*What to produce*: Produce as output only the lines below starting at the line with "by (simp add: mult_right_mono" and continuing through the line with "y)^4 = (norm", each one exactly as written.

Records from a collection:
lemma integrable_norm_power: "k \<le> 4 \<Longrightarrow> integrable N (\<lambda>x. norm (a x)^k)"
  by (rule integrable_dominated_by_pow4[where c=1]) (auto intro: power_le_one_plus_power4)

lemma integrable_noise: "integrable N a"
  by (rule integrable_dominated_by_pow4[where c=1])
     (use power_le_one_plus_power4[where k=1] in auto)

lemma integrable_norm_sq_scaleR: "integrable N (\<lambda>x. norm (a x)^2 *\<^sub>R a x)"
  by (rule integrable_dominated_by_pow4[where c=1])
     (use power_le_one_plus_power4[where k=3] in \<open>auto simp: power2_eq_square power3_eq_cube\<close>)

lemma integrable_inner_sq: "integrable N (\<lambda>x. (a x \<bullet> d)^2)"
proof (rule integrable_dominated_by_pow4[where c="norm d^2"])
  fix x
  have "(a x \<bullet> d)^2 \<le> norm d^2 * norm (a x)^2"
    using inner_sq_le_norm_sq_mult[of "a x" d] by (simp add: mult.commute)
  also have "\<dots> \<le> norm d^2 * (1 + norm (a x)^4)"
    by (intro mult_left_mono power_le_one_plus_power4) auto
  finally show "norm ((a x \<bullet> d)^2) \<le> norm d^2 * (1 + norm (a x)^4)" by simp
qed measurable

lemma integrable_inner_scaleR: "integrable N (\<lambda>x. (a x \<bullet> d) *\<^sub>R a x)"
proof (rule integrable_dominated_by_pow4[where c="norm d"])
  fix x
  have "norm ((a x \<bullet> d) *\<^sub>R a x) \<le> (norm (a x) * norm d) * norm (a x)"
    by (simp add: mult_right_mono Cauchy_Schwarz_ineq2)
  also have "\<dots> = norm d * norm (a x)^2" by (simp add: power2_eq_square)
  also have "\<dots> \<le> norm d * (1 + norm (a x)^4)"
    by (intro mult_left_mono power_le_one_plus_power4) auto
  finally show "norm ((a x \<bullet> d) *\<^sub>R a x) \<le> norm d * (1 + norm (a x)^4)" .
qed measurable

lemma integral_inner_noise [simp]:
  "(\<integral>x. a x \<bullet> y \<partial>N) = 0" "(\<integral>x. y \<bullet> a x \<partial>N) = 0"
  using integrable_noise by (simp_all add: integral_noise)

lemma integral_norm_add_sq: "(\<integral>y. norm (s + a y)^2 \<partial>N) = norm s^2 + tvar"
  using integrable_noise integrable_norm_power[of 2]
  by (simp add: norm_add_sq integral_add prob_space)

lemma integral_norm_add_pow4_le:
  "(\<integral>y. norm (s + a y)^4 \<partial>N)
     \<le> norm s^4 + 6 * tvar * norm s^2 + moment4 + 4 * (s \<bullet> (\<integral>y. norm (a y)^2 *\<^sub>R a y \<partial>N))"
proof -
  define B where "B y = norm s^4 + (6 * norm s^2) * norm (a y)^2 + norm (a y)^4
      + (4 * norm s^2) * (s \<bullet> a y) + 4 * (s \<bullet> (norm (a y)^2 *\<^sub>R a y))" for y
  have "norm (s + a y)^4 \<le> B y" for y
  proof -
    have "norm (s + a y)^4 = (norm s^2 + 2 * (s \<bullet> a y) + norm (a y)^2)^2"
      by (simp flip: norm_add_sq power_mult)
    also have "\<dots> = norm s^4 + 4 * (s \<bullet> a y)^2 + norm (a y)^4 + 4 * norm s^2 * (s \<bullet> a y)
       + 2 * norm s^2 * norm (a y)^2 + 4 * (s \<bullet> a y) * norm (a y)^2"
      by (simp add: power2_eq_square power4_eq_xxxx algebra_simps)
    also have "\<dots> \<le> B y"
      using inner_sq_le_norm_sq_mult[of s "a y"] by (simp add: B_def algebra_simps)
    finally show ?thesis .
  qed
  moreover have "integrable N B"
    unfolding B_def using integrable_noise integrable_norm_power[of 2] integrable_norm_power[of 4]
      integrable_norm_sq_scaleR
    by (intro Bochner_Integration.integrable_add Bochner_Integration.integrable_mult_right
        integrable_inner_right) auto
  ultimately have "(\<integral>y. norm (s + a y)^4 \<partial>N) \<le> integral\<^sup>L N B"
    by (intro integral_mono_nonneg_lower) auto
  also have "integral\<^sup>L N B
      = norm s^4 + 6 * tvar * norm s^2 + moment4 + 4 * (s \<bullet> (\<integral>y. norm (a y)^2 *\<^sub>R a y \<partial>N))"
    unfolding B_def using integrable_noise integrable_norm_power[of 2] integrable_norm_power[of 4]
      integrable_norm_sq_scaleR
    by (simp add: integral_add prob_space del: inner_scaleR_right)
  finally show ?thesis .
qed


lemma prob_space_samples: "prob_space (samples n)"
  by (intro prob_space_PiM prob_space_axioms)

lemma
  fixes g :: "'x \<Rightarrow> real"
  assumes "t < n" and "integrable N g"
  shows integrable_sample: "integrable (samples n) (\<lambda>\<omega>. g (\<omega> t))"
    and integral_sample: "(\<integral>\<omega>. g (\<omega> t) \<partial>samples n) = integral\<^sup>L N g"
  using assms prob_space_axioms
  by (auto intro: integrable_PiM_component integral_PiM_component[where M="\<lambda>_. N"])

lemma integrable_norm_sum_pow4: "integrable (samples n) (\<lambda>\<omega>. norm (\<Sum>t<n. a (\<omega> t))^4)"
proof (rule integrable_dominated[where h="\<lambda>\<omega>. real n^3 * (\<Sum>t<n. norm (a (\<omega> t))^4)"])
  show "integrable (samples n) (\<lambda>\<omega>. real n^3 * (\<Sum>t<n. norm (a (\<omega> t))^4))"
    using integrable_norm_power[of 4]
    by (intro Bochner_Integration.integrable_mult_right Bochner_Integration.integrable_sum
        integrable_sample) auto
  fix \<omega>
  have "norm (\<Sum>t<n. a (\<omega> t))^4 \<le> (\<Sum>t<n. norm (a (\<omega> t)))^4"
    by (intro power_mono norm_sum) auto
  also have "\<dots> \<le> real n^3 * (\<Sum>t<n. norm (a (\<omega> t))^4)"
    using power4_sum_le_sum_of_power4[of "\<lambda>t. norm (a (\<omega> t))" "{..<n}"] by simp
  finally show "norm (norm (\<Sum>t<n. a (\<omega> t))^4) \<le> real n^3 * (\<Sum>t<n. norm (a (\<omega> t))^4)"
    by simp
qed measurable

*Output below*:
    by (simp add: mult_right_mono Cauchy_Schwarz_ineq2)
  also have "\<dots> = norm d * norm (a x)^2" by (simp add: power2_eq_square)
  also have "\<dots> \<le> norm d * (1 + norm (a x)^4)"
    by (intro mult_left_mono power_le_one_plus_power4) auto
  finally show "norm ((a x \<bullet> d) *\<^sub>R a x) \<le> norm d * (1 + norm (a x)^4)" .
qed measurable

lemma integral_inner_noise [simp]:
  "(\<integral>x. a x \<bullet> y \<partial>N) = 0" "(\<integral>x. y \<bullet> a x \<partial>N) = 0"
  using integrable_noise by (simp_all add: integral_noise)

lemma integral_norm_add_sq: "(\<integral>y. norm (s + a y)^2 \<partial>N) = norm s^2 + tvar"
  using integrable_noise integrable_norm_power[of 2]
  by (simp add: norm_add_sq integral_add prob_space)

lemma integral_norm_add_pow4_le:
  "(\<integral>y. norm (s + a y)^4 \<partial>N)
     \<le> norm s^4 + 6 * tvar * norm s^2 + moment4 + 4 * (s \<bullet> (\<integral>y. norm (a y)^2 *\<^sub>R a y \<partial>N))"
proof -
  define B where "B y = norm s^4 + (6 * norm s^2) * norm (a y)^2 + norm (a y)^4
      + (4 * norm s^2) * (s \<bullet> a y) + 4 * (s \<bullet> (norm (a y)^2 *\<^sub>R a y))" for y
  have "norm (s + a y)^4 \<le> B y" for y
  proof -
    have "norm (s + a y)^4 = (norm s^2 + 2 * (s \<bullet> a y) + norm (a y)^2)^2"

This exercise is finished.